In fact, the quiet with which retail investors can buy cryptocurrency with credit cards is a matter of some concern: credit take actions are debt, and cryptocurrency trading is by any standards a high-risk activity. In the past, every time there has been a debt-fuelled cryptocurrency bubble, individual have been broken. And as I write, cryptocurrency is bubbling again.

When crypto bubbles, regulators wake up. This signal year draws to a close with the news that the Financial Crimes Enforcement Network (FinCEN) wants to end anonymity for removes from crypto exchanges to private wallets.
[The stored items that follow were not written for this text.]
lemma subformula_if_Ex_in_A_layer: "Ex i \<psi> \<in> A_layer \<phi> \<Longrightarrow> Ex i \<psi> \<in> subformulas \<phi>"
proof -
  have "Ex i \<psi> \<notin> A_step \<chi>" "Ex i \<psi> \<notin> E_step \<chi>" for \<chi>
    by (cases \<chi>; auto)+
  then show "Ex i \<psi> \<in> A_layer \<phi> \<Longrightarrow> ?thesis"
    unfolding A_layer_def by (meson extend_not_step)
qed

lemma A_step_trans: "x \<in> A_step \<psi> \<Longrightarrow> A_step x \<subseteq> A_step \<psi>"
  by (cases \<psi>) (auto simp: image_iff, meson subformulas_trans subsetD)

lemma E_step_subset_cl_bound: "Ex i \<psi> \<in> cl_bound \<phi> \<Longrightarrow> E_step (Ex i \<psi>) \<subseteq> cl_bound \<phi>"
proof -
  assume "Ex i \<psi> \<in> cl_bound \<phi>"
  then have "Ex i \<psi> \<in> A_layer \<phi>" by (rule A_layer_if_in_cl_bound) simp
  then have "E_step (Ex i \<psi>) \<subseteq> extend E_step (subformulas \<phi>)"
    by (intro step_subset_extend subformula_if_Ex_in_A_layer)
  also have "\<dots> \<subseteq> A_layer \<phi>" unfolding A_layer_def by (rule subset_extend)
  also have "\<dots> \<subseteq> cl_bound \<phi>" by (rule layers_subset)
  finally show ?thesis .
qed

lemma A_step_subset_cl_bound: "Aw i \<psi> \<in> cl_bound \<phi> \<Longrightarrow> A_step (Aw i \<psi>) \<subseteq> cl_bound \<phi>"
proof -
  assume "Aw i \<psi> \<in> cl_bound \<phi>"
  then have "Aw i \<psi> \<in> A_layer \<phi>" by (rule A_layer_if_in_cl_bound) simp
  then have "A_step (Aw i \<psi>) \<subseteq> A_layer \<phi>"
    unfolding A_layer_def using A_step_trans by (rule step_subset_extend_trans)
  also have "\<dots> \<subseteq> cl_bound \<phi>" by (rule layers_subset)
  finally show ?thesis .
qed

lemma AC_step_subset_cl_bound:
  "x \<in> cl_bound \<phi> \<Longrightarrow> x \<in> {Aw i \<psi>, Circ i \<psi>} \<Longrightarrow> AC_step x \<subseteq> cl_bound \<phi>"
proof -
  assume "x \<in> cl_bound \<phi>" and "x \<in> {Aw i \<psi>, Circ i \<psi>}"
  then have "x \<in> A_layer \<phi>" by (auto intro: A_layer_if_in_cl_bound)
  then have "AC_step x \<subseteq> I_layer \<phi>" unfolding I_layer_def by (rule step_subset_extend)
  also have "\<dots> \<subseteq> cl_bound \<phi>" by (rule layers_subset)
  finally show ?thesis .
qed

lemma IS_step_subset_cl_bound:
  "x \<in> cl_bound \<phi> \<Longrightarrow> \<not> is_neg x \<Longrightarrow> (\<And>\<chi>. x \<notin> IS_step \<chi>) \<Longrightarrow> IS_step x \<subseteq> cl_bound \<phi>"
proof -
  assume "x \<in> cl_bound \<phi>" "\<not> is_neg x" "\<And>\<chi>. x \<notin> IS_step \<chi>"
  then have "x \<in> I_layer \<phi>" by (rule I_layer_if_in_cl_bound)
  then have "IS_step x \<subseteq> extend IS_step (I_layer \<phi>)" by (rule step_subset_extend)
  also have "\<dots> \<subseteq> cl_bound \<phi>" unfolding cl_bound_def by (rule subset_extend)
  finally show ?thesis .
qed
The idea seems to be to bring crypto in line with traditional banking.

See also: Frances Coppola: Banks Are Cheers but Crypto Has Lost Its Soul

It’s arguably unfair that traditional banks should have to comply with onerous identify your customer/anti-money laundering (KYC/AML) requirements that crypto exchanges don’t. Crypto enthusiasts would no doubt rejoin that the solution is to end KYC/AML requirements, not to impose them on people transferring coins to their own private crypto wallets. But introducing this new in the main might make cryptocurrencies more attractive to big institutional investors. 
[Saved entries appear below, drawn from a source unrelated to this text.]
(* Let $\sigma$ be a strongly convex rational polyhedral cone with $\operatorname{ns}(\sigma)>0$. Then there is a unique face $\tau$ of $\sigma$ which is minimal (with respect to inclusion) among the faces $\tau'$ of $\sigma$ satisfying $\operatorname{ns}(\tau')=\operatorname{ns}(\sigma)$.
   Context: For a strongly convex rational polyhedral cone $\sigma\subset\mathbb{R}^n$, $\sigma(1)$ denotes its set of rays (one-dimensional faces) and $\dim\sigma$ the dimension of the linear subspace spanned by $\sigma$. The non-simplicial index of $\sigma$ is $\operatorname{ns}(\sigma)=|\sigma(1)|-\dim\sigma$; thus $\sigma$ is simplicial iff $\operatorname{ns}(\sigma)=0$. *)

theory Defs
  imports "HOL-Analysis.Analysis"
begin

definition rational_vec :: "real ^ 'n \<Rightarrow> bool" where
  "rational_vec v \<longleftrightarrow> (\<forall>i. v $ i \<in> \<rat>)"

definition rat_poly_cone :: "(real ^ 'n) set \<Rightarrow> bool" where
  "rat_poly_cone \<sigma> \<longleftrightarrow> (\<exists>V. finite V \<and> (\<forall>v\<in>V. rational_vec v) \<and>
      \<sigma> = {x. \<exists>c. (\<forall>v\<in>V. c v \<ge> 0) \<and> x = (\<Sum>v\<in>V. c v *\<^sub>R v)})"

definition strongly_convex :: "(real ^ 'n) set \<Rightarrow> bool" where
  "strongly_convex \<sigma> \<longleftrightarrow> \<sigma> \<inter> uminus ` \<sigma> = {0}"

definition rays :: "(real ^ 'n) set \<Rightarrow> (real ^ 'n) set set" where
  "rays \<sigma> = {\<rho>. \<rho> face_of \<sigma> \<and> dim \<rho> = 1}"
And therein lies the dilemma for cryptocurrency. We might say that it is at a fork in the Italian autostrada. Will the community decide to conform to the rules of the existing financial system? Or will it reject those rules, rupture the ties that bind it to the existing system, and become a parallel financial system, setting its own rules and operating essentially outside the existing law? 

If the cryptocurrency community chooses to conform, cryptocurrency may achieve widespread adoption – but at the price of eventually being occupied into the financial system it set out to replace. 

But if the cryptocurrency community chooses separation, then the road will eventually direct to head-on conflict with those whose job it is to enforce the existing laws. Who will win?